Мне казалось, что я читаю в ее душе так же легко, как совсем недавно читал в душе Шанталя, что передо мной от начала до конца проходит вся ее жизнь, жизнь тихая, скромная, самоотверженная; но я чувствовал потребность, непреодолимую потребность задать ей вопрос, узнать, любила ли и она его и так ли любила, как он, страдала ли она, как и он, долгим, тайным, мучительным страданием, которого никто не видит, о котором никто не знает, о котором никто не догадывается, но которое прорывается ночью, в одиночестве темной комнаты. Я смотрел на нее, я видел, как бьется ее сердце под корсажем со вставкой, и спрашивал себя: неужели это чистое, кроткое создание каждый вечер заглушало стоны влажной, мягкой подушкой и, сотрясаясь от рыданий, лихорадочно металось по жаркой постели?
И я тихонько сказал ей — так делают дети, когда ломают игрушку, желая посмотреть, что там внутри:
— Если бы видели, как сейчас плакал господин Шанталь, вы бы его пожалели.
Она вздрогнула:
— Что? Плакал?
— Да, плакал, и еще как!
— Но почему?
Она была очень взволнована.
— Из-за вас, — ответил я.
— Из-за меня?
— Ну да! Он рассказывал мне, как горячо он вас когда-то любил и чего ему стоило жениться на кузине, а не на вас…
Мне показалось, что ее лицо сразу осунулось; ее глаза, обыкновенно такие ясные и так широко раскрытые, внезапно смежились, да так плотно, что можно было подумать, будто они сомкнулись навеки. Она соскользнула со стула и медленно, тихо опустилась на пол, словно упавший шарф.
— Помогите! Помогите! Мадмуазель Перль дурно! — закричал я.
Госпожа Шанталь и ее дочери бросились к ней, и пока они сновали взад и вперед с водой, уксусом, салфеткой, я взял шляпу и незаметно вышел на улицу.

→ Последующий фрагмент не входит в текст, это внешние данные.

lemma sum_monom_wcomm_top_weight:
  fixes P Q :: "'a::field_char_0 wel"
  assumes "l > 0" and "\<rho> + \<sigma> > 0"
    and fP: "finite (wsupp P)" and fQ: "finite (wsupp Q)" and hom: "homogeneous l \<rho> \<sigma> Q"
  defines "S \<equiv> {e \<in> wmult_exps l P Q \<union> wmult_exps l Q P.
      wt l \<rho> \<sigma> e = vval l \<rho> \<sigma> P + vval l \<rho> \<sigma> Q - of_int (\<rho> + \<sigma>)}"
  shows "(\<Sum>e\<in>S. monom (wcomm l P Q e) (Suc (snd e))) =
    (\<Sum>x\<in>wsupp (lead l \<rho> \<sigma> P). \<Sum>y\<in>wsupp Q.
       monom (P x * Q y * (of_nat (snd x) * of_int (fst y) / of_nat l -
                           of_nat (snd y) * of_int (fst x) / of_nat l)) (snd x + snd y))"
proof -
  have fS: "finite S" using fP fQ by (simp add: S_def finite_wmult_exps)
  have "(\<Sum>e\<in>S. monom (wcorr l P Q e) (Suc (snd e))) = (\<Sum>x\<in>wsupp (lead l \<rho> \<sigma> P). \<Sum>y\<in>wsupp Q.
      monom (P x * Q y * (of_nat (snd x) * of_int (fst y) / of_nat l)) (snd x + snd y))"
    unfolding sum_top_weight_eq_sum_lead[OF fP hom, symmetric]
    by (rule sum_monom_wcorr_top_weight[OF assms(1,2) fP fQ fS])
       (auto simp: S_def intro: wmult_exp_in_wmult_exps)
  moreover have "(\<Sum>e\<in>S. monom (wcorr l Q P e) (Suc (snd e))) = (\<Sum>y\<in>wsupp Q. \<Sum>x\<in>wsupp P.
      if wt l \<rho> \<sigma> y = vval l \<rho> \<sigma> Q \<and> wt l \<rho> \<sigma> x = vval l \<rho> \<sigma> P
      then monom (Q y * P x * (of_nat (snd y) * of_int (fst x) / of_nat l)) (snd y + snd x) else 0)"
    by (rule sum_monom_wcorr_top_weight[OF assms(1,2) fQ fP fS])
       (auto simp: S_def add.commute intro: wmult_exp_in_wmult_exps)
  moreover have "\<dots> = (\<Sum>x\<in>wsupp (lead l \<rho> \<sigma> P). \<Sum>y\<in>wsupp Q.
      monom (P x * Q y * (of_nat (snd y) * of_int (fst x) / of_nat l)) (snd x + snd y))"
    unfolding sum_top_weight_eq_sum_lead[OF fP hom, symmetric]
    by (subst sum.swap) (intro sum.cong refl, auto simp: add.commute mult.commute)
  ultimately show ?thesis
    unfolding wcomm_eq_wcorr_diff diff_monom[symmetric] sum_subtractf right_diff_distrib
    by simp
qed

text \<open>On a form of weight \<open>v\<close>, Euler's relation \<open>\<rho> x \<partial>\<^sub>x = v - \<sigma> y \<partial>\<^sub>y\<close> eliminates the
  \<open>x\<close>-derivatives from the Poisson bracket of the leading forms.\<close>

lemma ypoly_wpart_wcomm:
  fixes P Q :: "'a::field_char_0 wel"
  assumes "l > 0" and "\<rho> \<noteq> 0" and "\<rho> + \<sigma> > 0"
    and fP: "finite (wsupp P)" and fQ: "finite (wsupp Q)" and hom: "homogeneous l \<rho> \<sigma> Q"
  defines "A \<equiv> ypoly (lead l \<rho> \<sigma> P)" and "G \<equiv> ypoly Q"
  shows "ypoly (wpart l \<rho> \<sigma> (vval l \<rho> \<sigma> P + vval l \<rho> \<sigma> Q - of_int (\<rho> + \<sigma>)) (wcomm l P Q)) =
    smult (of_rat (vval l \<rho> \<sigma> Q / of_int \<rho>)) (pderiv A * G) -
    smult (of_rat (vval l \<rho> \<sigma> P / of_int \<rho>)) (A * pderiv G)"
proof -
  define W where "W = vval l \<rho> \<sigma> P + vval l \<rho> \<sigma> Q - of_int (\<rho> + \<sigma>)"
  define cP cQ :: 'a
    where "cP = of_rat (vval l \<rho> \<sigma> P / of_int \<rho>)" and "cQ = of_rat (vval l \<rho> \<sigma> Q / of_int \<rho>)"
  define S where "S = {e \<in> wmult_exps l P Q \<union> wmult_exps l Q P. wt l \<rho> \<sigma> e = W}"
  have "monom 1 1 * ypoly (wpart l \<rho> \<sigma> W (wcomm l P Q)) = (\<Sum>e\<in>S. monom (wcomm l P Q e) (Suc (snd e)))"
    using fP fQ wsupp_wcomm_subset
    by (intro monom_1_1_mult_ypoly_wpart) (auto simp: S_def finite_wmult_exps)
  also have "\<dots> = (\<Sum>x\<in>wsupp (lead l \<rho> \<sigma> P). \<Sum>y\<in>wsupp Q.
       monom (P x * Q y * (of_nat (snd x) * of_int (fst y) / of_nat l -
                           of_nat (snd y) * of_int (fst x) / of_nat l)) (snd x + snd y))"
    unfolding S_def W_def by (rule sum_monom_wcomm_top_weight[OF assms(1,3) fP fQ hom])
  also have "\<dots> = (\<Sum>x\<in>wsupp (lead l \<rho> \<sigma> P). \<Sum>y\<in>wsupp Q.
       monom (lead l \<rho> \<sigma> P x * Q y * (cQ * of_nat (snd x) - cP * of_nat (snd y))) (snd x + snd y))"
  proof (intro sum.cong refl arg_cong2[where f = monom])
    fix x y assume x: "x \<in> wsupp (lead l \<rho> \<sigma> P)" and y: "y \<in> wsupp Q"
    hence "x \<in> wsupp P" and wx: "wt l \<rho> \<sigma> x = vval l \<rho> \<sigma> P" by (simp_all add: wsupp_lead)
    hence "lead l \<rho> \<sigma> P x = P x" by (simp add: lead_def)
    with wt_cross_identity[OF assms(1,2) wx homogeneousD[OF hom y], where 'a = 'a] show "P x * Q y * (of_nat (snd x) * of_int (fst y) / of_nat l -
        of_nat (snd y) * of_int (fst x) / of_nat l) =
        lead l \<rho> \<sigma> P x * Q y * (cQ * of_nat (snd x) - cP * of_nat (snd y))"
      by (simp add: cP_def cQ_def)
  qed
  also have "\<dots> = monom 1 1 * (smult cQ (pderiv A * G) - smult cP (A * pderiv G))"
    unfolding A_def G_def by (rule monom_1_1_mult_ypoly_bracket[symmetric])
  finally show ?thesis by (simp add: W_def cP_def cQ_def)
qed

Я шел большими шагами; сердце мое было в смятении, душу терзали сожаления и угрызения совести. И в то же время я был доволен собой: мне казалось, что я совершил нечто похвальное и необходимое.
«Правильно я поступил или не правильно?» — спрашивал я себя. Любовь засела у них в сердцах, как пуля в затянувшейся ране. Может быть, с этого дня у них станет легче на душе? Теперь уже поздно вновь переживать любовные муки, но есть еще время для того, чтобы с нежностью вспоминать о них.
И, быть может, будущей весной, как-нибудь вечером, они, взволнованные лунным лучом, который упадет сквозь ветви деревьев на траву у их ног, возьмутся за руки, и это рукопожатие напомнит им все их тайные и жестокие страдания; а может быть, от быстрого пожатия по этим мгновенно воскресшим мертвецам пробежит легкий, неизведанный ими трепет и подарит им мимолетное, божественное, упоительное ощущение, то безумие, благодаря которому влюбленные за один краткий миг познают такое великое счастье, какого иные не изведают за всю свою жизнь!
Примечания
Напечатано в литературном приложении к "Фигаро" 16 января 1886 года.
1
Французский театр — второе название Французской комедии.
2
Пятнадцатое августа — день рождения Наполеона I, бонапартистский праздник.